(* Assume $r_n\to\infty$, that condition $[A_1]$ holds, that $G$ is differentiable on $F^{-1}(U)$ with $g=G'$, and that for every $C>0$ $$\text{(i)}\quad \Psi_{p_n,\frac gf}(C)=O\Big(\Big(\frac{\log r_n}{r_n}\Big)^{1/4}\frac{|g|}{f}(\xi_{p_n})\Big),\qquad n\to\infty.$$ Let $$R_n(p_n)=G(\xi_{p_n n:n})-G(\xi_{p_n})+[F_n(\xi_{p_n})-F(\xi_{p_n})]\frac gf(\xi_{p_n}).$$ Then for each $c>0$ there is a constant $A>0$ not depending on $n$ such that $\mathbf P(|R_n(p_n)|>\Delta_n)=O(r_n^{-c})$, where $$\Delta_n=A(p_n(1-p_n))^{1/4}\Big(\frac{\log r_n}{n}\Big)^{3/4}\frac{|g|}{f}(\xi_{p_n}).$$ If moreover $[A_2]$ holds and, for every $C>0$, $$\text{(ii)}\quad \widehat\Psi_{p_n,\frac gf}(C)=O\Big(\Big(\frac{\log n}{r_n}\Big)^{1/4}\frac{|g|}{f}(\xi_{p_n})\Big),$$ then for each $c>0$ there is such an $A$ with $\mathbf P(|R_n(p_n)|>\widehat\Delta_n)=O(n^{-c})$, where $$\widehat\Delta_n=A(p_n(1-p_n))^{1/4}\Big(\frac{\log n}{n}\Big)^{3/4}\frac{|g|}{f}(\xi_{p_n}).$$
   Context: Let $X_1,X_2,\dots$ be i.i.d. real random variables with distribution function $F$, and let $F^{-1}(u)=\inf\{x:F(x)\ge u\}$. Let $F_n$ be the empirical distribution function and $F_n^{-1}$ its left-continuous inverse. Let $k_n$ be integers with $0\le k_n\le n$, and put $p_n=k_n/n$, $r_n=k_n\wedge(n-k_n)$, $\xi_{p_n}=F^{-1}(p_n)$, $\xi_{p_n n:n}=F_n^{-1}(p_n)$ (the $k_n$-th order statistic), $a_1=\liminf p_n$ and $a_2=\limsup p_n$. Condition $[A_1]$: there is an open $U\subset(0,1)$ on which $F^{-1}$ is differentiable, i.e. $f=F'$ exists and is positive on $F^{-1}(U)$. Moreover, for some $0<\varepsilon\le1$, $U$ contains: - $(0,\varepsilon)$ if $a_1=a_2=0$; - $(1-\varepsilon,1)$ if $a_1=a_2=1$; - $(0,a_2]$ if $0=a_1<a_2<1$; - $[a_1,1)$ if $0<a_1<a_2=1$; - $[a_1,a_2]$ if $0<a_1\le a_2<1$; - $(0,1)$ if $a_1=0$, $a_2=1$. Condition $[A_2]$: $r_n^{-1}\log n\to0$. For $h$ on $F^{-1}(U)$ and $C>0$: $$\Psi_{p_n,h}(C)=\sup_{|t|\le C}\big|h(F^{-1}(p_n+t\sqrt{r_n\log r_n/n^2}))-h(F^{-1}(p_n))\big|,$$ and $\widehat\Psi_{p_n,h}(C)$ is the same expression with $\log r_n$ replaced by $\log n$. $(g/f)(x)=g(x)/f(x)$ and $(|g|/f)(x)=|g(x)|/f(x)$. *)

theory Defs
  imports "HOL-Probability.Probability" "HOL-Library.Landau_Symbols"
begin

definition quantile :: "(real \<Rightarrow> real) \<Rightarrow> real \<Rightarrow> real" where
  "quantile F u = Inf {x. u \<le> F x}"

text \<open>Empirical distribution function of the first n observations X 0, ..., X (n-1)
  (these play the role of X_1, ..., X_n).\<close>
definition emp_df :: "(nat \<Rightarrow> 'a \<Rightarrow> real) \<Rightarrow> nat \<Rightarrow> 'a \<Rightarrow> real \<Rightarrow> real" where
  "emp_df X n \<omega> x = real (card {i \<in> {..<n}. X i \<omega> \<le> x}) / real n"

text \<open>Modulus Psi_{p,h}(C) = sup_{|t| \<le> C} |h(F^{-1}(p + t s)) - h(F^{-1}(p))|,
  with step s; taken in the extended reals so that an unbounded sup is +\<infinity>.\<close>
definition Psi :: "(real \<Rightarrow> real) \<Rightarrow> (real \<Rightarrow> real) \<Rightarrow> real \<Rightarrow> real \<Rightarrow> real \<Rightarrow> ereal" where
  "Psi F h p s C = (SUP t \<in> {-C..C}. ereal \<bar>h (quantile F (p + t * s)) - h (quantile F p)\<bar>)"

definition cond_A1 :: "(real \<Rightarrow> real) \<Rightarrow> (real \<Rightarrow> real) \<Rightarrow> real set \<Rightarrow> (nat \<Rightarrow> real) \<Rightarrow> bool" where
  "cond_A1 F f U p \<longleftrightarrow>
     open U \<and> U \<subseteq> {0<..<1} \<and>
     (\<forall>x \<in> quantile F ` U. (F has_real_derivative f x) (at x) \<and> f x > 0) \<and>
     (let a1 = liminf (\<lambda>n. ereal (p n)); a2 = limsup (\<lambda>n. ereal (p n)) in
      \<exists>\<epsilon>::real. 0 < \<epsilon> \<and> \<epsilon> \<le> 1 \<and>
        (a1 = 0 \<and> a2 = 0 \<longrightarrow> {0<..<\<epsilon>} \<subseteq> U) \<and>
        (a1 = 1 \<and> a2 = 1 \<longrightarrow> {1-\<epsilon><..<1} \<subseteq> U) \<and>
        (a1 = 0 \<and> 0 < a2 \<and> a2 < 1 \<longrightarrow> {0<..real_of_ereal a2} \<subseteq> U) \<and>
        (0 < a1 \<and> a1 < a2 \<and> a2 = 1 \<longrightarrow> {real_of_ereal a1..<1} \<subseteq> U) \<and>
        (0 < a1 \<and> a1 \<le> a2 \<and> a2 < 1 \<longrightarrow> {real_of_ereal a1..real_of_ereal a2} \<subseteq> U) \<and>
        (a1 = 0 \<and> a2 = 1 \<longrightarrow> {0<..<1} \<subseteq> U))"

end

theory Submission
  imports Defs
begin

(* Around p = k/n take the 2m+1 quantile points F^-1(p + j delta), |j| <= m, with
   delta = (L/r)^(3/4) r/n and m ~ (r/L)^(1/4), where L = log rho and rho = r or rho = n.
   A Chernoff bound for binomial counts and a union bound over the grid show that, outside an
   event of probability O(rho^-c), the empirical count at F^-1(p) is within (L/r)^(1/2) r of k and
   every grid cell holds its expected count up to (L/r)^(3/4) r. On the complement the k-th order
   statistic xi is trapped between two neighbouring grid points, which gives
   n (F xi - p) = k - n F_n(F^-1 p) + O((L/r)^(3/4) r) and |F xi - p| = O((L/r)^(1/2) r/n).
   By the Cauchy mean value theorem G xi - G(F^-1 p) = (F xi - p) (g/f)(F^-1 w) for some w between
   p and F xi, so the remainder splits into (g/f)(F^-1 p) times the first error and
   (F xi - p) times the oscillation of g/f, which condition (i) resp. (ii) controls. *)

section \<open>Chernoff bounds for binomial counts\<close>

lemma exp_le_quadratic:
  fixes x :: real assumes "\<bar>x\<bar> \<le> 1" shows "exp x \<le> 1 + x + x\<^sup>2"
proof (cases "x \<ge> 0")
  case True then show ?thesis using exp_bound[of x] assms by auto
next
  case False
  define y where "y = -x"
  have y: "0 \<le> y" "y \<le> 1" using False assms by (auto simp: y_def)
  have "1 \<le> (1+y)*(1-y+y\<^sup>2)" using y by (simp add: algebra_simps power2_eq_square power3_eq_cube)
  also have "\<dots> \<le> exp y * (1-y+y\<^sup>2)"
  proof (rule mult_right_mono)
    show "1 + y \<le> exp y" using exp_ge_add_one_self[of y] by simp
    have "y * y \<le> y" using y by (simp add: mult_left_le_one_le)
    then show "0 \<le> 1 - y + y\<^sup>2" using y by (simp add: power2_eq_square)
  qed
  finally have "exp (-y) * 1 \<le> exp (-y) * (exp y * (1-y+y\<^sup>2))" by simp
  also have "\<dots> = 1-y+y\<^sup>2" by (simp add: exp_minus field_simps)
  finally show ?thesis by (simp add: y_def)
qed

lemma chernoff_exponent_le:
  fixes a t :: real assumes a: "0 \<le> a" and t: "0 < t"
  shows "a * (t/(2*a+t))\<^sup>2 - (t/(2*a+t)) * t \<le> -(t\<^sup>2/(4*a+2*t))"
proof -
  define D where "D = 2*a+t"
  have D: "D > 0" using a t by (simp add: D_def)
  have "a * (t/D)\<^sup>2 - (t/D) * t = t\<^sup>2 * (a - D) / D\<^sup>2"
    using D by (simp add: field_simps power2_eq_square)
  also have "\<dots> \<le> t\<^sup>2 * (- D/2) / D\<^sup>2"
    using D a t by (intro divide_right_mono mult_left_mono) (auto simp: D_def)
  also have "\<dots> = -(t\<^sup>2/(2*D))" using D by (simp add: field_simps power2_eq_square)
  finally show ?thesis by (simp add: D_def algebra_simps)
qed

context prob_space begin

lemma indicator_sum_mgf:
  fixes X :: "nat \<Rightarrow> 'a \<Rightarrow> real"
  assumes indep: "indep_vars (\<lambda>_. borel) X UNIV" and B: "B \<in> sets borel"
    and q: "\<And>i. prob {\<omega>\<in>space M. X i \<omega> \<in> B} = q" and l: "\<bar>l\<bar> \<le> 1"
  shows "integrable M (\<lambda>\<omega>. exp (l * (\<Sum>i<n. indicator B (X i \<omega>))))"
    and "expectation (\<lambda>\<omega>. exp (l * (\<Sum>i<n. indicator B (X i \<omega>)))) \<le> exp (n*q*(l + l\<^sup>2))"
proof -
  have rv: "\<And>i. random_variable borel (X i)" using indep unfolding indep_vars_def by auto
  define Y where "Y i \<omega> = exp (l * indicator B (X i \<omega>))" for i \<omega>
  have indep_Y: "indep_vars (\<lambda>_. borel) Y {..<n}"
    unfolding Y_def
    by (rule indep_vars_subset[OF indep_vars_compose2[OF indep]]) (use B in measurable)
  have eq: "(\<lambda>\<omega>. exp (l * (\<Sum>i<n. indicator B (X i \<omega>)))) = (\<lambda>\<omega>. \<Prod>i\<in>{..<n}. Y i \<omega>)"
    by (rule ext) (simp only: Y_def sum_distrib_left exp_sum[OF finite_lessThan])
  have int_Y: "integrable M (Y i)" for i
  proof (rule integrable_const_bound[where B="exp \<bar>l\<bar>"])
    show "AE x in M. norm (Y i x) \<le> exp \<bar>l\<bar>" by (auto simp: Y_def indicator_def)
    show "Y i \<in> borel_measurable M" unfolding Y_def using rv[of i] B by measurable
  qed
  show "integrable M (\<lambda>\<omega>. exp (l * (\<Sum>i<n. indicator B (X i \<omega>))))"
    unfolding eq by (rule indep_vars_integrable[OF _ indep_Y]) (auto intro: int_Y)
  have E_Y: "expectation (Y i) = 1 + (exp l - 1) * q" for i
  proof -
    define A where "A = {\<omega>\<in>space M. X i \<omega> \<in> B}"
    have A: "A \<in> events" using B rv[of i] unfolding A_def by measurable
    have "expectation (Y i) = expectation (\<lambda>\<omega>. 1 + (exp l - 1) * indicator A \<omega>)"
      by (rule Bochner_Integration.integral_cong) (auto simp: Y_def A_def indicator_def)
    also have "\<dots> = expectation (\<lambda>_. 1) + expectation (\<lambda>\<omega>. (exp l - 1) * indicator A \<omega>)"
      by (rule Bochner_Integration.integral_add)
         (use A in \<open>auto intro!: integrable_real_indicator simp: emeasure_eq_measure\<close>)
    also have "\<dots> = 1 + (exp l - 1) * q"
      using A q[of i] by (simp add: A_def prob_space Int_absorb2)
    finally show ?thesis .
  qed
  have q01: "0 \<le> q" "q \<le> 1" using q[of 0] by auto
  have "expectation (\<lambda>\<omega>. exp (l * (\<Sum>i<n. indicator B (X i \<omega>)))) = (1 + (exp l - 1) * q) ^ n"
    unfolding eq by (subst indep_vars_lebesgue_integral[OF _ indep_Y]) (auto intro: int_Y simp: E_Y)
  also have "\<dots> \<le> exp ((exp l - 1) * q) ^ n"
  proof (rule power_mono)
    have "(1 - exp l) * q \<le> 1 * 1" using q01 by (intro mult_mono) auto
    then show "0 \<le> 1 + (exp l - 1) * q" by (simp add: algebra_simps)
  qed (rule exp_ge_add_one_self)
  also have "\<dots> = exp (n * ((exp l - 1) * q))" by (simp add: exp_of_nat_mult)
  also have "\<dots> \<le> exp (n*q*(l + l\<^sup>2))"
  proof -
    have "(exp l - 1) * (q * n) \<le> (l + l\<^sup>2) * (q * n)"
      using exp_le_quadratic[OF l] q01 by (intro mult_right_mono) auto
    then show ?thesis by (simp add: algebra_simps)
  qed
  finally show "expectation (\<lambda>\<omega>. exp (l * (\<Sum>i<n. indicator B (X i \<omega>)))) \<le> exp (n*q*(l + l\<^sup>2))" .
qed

**GOAL OF THE EXERCISE:**
Give back, exactly as written, the stretch from the line with "(\<lambda>_. borel) X" through the line with "indep_vars_def by auto", and no other lines from the records above.

**ANSWER SPACE:**
  assumes indep: "indep_vars (\<lambda>_. borel) X UNIV" and B: "B \<in> sets borel"
    and q: "\<And>i. prob {\<omega>\<in>space M. X i \<omega> \<in> B} = q" and l: "\<bar>l\<bar> \<le> 1"
  shows "integrable M (\<lambda>\<omega>. exp (l * (\<Sum>i<n. indicator B (X i \<omega>))))"
    and "expectation (\<lambda>\<omega>. exp (l * (\<Sum>i<n. indicator B (X i \<omega>)))) \<le> exp (n*q*(l + l\<^sup>2))"
proof -
  have rv: "\<And>i. random_variable borel (X i)" using indep unfolding indep_vars_def by auto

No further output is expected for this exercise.